Records drawn from a dataset:
* * * *

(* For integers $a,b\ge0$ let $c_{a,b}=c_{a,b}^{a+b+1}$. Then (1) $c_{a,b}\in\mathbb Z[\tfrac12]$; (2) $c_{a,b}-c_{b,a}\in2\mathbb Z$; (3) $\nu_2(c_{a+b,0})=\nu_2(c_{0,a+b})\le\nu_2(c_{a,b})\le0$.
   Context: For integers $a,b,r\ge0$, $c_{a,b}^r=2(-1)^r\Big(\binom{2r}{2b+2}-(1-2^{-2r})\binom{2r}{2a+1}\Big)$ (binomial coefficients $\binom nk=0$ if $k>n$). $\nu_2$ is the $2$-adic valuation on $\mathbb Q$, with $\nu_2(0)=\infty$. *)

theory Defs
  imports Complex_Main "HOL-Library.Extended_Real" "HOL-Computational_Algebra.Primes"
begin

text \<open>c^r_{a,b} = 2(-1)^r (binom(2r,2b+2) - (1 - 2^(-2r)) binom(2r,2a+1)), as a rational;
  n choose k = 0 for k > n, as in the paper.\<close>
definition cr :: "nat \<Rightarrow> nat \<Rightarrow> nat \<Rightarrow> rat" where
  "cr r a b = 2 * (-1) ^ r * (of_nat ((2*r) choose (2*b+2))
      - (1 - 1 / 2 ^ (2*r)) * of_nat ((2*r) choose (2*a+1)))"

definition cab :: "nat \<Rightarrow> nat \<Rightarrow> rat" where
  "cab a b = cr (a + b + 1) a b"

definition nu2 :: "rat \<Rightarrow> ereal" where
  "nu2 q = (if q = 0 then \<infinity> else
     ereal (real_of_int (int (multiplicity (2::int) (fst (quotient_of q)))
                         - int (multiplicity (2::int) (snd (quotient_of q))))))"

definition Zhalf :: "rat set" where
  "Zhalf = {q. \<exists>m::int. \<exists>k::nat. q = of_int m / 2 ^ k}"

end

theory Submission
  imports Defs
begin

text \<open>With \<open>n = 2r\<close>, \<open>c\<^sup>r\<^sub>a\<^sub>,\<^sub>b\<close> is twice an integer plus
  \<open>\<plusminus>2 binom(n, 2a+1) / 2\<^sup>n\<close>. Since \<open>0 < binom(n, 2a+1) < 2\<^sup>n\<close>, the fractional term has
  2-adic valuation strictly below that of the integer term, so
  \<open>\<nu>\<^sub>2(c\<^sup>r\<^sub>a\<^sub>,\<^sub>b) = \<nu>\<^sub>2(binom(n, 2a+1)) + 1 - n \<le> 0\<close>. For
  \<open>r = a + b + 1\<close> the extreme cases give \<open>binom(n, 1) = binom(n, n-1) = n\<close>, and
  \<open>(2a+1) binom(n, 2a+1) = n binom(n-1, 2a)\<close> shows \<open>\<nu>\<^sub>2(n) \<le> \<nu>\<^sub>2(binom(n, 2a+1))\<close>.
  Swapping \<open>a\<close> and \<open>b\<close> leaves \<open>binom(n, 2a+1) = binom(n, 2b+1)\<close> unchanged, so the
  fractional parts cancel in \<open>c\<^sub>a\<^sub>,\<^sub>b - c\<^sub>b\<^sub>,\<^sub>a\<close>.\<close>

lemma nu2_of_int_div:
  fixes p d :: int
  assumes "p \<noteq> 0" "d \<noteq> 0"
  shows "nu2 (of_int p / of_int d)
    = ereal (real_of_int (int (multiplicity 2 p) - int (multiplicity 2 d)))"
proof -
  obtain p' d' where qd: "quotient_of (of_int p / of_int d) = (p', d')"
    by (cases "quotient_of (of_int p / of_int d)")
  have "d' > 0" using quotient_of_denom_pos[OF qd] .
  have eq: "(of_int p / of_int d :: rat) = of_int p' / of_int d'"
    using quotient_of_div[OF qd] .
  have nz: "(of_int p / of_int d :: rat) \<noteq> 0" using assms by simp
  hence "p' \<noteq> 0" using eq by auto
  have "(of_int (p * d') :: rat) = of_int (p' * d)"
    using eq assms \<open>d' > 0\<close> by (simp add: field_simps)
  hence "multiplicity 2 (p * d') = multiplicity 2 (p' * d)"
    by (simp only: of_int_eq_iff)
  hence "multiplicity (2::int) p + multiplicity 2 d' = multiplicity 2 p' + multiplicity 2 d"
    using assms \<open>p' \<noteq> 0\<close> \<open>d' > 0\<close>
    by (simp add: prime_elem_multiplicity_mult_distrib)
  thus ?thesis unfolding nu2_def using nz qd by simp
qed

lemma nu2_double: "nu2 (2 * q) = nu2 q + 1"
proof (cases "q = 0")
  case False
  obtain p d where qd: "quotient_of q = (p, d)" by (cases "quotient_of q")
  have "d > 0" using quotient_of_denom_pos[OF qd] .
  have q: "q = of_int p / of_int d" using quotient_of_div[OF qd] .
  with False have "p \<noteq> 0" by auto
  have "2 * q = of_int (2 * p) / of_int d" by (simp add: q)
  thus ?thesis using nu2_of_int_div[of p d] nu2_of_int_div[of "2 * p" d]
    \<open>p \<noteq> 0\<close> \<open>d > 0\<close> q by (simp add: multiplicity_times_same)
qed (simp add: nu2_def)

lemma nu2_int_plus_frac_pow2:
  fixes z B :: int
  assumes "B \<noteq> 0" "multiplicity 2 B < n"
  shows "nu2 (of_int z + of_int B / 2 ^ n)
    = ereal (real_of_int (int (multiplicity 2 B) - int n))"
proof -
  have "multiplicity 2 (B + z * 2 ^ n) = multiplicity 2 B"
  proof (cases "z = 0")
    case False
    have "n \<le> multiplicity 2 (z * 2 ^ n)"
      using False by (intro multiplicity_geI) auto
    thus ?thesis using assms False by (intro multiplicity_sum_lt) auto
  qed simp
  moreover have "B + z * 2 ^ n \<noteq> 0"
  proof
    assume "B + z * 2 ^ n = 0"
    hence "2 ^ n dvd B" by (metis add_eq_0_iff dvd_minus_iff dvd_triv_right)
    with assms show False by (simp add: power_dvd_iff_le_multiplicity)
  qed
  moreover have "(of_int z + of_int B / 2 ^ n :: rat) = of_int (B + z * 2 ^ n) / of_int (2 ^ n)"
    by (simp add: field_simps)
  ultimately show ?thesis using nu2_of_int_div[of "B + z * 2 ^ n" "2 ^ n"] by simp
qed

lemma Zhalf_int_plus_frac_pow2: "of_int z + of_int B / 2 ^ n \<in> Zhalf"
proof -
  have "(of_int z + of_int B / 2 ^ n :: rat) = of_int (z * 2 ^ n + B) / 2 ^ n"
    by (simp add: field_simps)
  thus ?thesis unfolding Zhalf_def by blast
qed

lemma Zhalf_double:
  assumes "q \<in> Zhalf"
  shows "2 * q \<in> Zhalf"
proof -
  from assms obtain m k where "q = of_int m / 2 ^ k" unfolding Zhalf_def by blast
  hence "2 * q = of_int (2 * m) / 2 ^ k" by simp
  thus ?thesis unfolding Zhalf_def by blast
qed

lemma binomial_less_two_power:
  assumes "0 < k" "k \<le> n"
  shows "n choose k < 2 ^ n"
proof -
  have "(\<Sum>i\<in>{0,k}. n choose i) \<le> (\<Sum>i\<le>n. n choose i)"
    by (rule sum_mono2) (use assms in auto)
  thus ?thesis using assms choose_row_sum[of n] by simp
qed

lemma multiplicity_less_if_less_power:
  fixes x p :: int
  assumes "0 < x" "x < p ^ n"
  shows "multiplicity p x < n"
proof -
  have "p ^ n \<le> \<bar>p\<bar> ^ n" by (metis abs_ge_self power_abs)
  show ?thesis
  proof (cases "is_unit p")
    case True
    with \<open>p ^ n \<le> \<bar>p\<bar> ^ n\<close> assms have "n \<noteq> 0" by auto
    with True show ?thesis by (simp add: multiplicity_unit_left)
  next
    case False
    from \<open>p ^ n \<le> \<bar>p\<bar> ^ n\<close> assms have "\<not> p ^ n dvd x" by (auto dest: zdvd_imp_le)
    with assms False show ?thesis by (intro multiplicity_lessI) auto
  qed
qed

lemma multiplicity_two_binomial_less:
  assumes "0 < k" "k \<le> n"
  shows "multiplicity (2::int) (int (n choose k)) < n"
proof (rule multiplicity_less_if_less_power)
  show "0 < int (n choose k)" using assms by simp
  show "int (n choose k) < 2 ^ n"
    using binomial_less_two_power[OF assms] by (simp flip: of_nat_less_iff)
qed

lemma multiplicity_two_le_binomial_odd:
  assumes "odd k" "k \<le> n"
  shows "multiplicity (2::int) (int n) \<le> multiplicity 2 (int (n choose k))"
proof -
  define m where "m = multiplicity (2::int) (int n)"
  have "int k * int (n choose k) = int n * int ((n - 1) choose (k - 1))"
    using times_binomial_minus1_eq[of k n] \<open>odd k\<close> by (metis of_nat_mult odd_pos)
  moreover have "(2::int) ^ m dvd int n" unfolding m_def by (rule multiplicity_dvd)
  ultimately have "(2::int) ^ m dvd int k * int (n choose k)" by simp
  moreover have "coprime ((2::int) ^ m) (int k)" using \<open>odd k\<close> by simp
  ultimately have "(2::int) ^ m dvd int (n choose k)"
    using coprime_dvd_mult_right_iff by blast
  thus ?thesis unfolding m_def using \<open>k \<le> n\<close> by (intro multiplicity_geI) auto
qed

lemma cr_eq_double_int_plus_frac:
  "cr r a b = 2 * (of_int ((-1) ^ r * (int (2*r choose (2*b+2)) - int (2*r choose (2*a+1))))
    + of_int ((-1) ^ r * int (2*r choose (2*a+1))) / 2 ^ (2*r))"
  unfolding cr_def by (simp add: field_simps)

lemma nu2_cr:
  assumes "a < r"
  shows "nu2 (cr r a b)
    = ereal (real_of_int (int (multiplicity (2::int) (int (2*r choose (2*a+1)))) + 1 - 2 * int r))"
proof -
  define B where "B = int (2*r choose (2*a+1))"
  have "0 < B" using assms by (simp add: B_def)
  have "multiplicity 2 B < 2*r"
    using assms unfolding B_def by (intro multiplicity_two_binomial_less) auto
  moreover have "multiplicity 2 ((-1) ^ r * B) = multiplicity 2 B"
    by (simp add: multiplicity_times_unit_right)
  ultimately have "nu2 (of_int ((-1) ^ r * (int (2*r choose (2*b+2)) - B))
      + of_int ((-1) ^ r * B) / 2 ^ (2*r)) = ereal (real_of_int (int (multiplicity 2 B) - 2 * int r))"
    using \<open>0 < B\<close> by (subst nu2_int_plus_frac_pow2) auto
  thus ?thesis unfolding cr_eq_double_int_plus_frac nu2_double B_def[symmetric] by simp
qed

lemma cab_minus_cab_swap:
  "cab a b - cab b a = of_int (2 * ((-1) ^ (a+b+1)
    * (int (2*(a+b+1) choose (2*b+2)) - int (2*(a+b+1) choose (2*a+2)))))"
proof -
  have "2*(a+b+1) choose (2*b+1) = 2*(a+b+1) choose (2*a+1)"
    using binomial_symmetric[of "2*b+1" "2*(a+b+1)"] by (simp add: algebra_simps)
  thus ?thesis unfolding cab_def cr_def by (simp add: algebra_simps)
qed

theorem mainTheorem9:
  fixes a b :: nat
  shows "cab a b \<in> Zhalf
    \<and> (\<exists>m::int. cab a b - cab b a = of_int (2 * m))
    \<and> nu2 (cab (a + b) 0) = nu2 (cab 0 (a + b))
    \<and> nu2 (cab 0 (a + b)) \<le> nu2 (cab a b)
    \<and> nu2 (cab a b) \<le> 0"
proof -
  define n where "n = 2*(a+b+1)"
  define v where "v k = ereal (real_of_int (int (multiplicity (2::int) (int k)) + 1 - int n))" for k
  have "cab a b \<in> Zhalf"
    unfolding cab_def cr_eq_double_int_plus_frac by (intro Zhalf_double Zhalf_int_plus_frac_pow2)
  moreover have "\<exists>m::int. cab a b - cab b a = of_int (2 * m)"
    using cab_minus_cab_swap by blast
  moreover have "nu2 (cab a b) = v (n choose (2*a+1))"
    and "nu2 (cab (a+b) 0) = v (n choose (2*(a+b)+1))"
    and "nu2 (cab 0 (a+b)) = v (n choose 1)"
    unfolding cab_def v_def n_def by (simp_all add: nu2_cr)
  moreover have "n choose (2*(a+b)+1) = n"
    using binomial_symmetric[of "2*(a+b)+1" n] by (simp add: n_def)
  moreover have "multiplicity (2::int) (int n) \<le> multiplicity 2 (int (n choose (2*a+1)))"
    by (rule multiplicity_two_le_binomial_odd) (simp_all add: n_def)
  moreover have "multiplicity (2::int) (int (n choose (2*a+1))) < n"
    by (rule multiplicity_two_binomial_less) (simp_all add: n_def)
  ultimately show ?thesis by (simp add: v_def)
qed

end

* * * *

What is required —
Find all lines in the records that hold the word "term". Copy them.

Response —
  \<open>\<plusminus>2 binom(n, 2a+1) / 2\<^sup>n\<close>. Since \<open>0 < binom(n, 2a+1) < 2\<^sup>n\<close>, the fractional term has
  2-adic valuation strictly below that of the integer term, so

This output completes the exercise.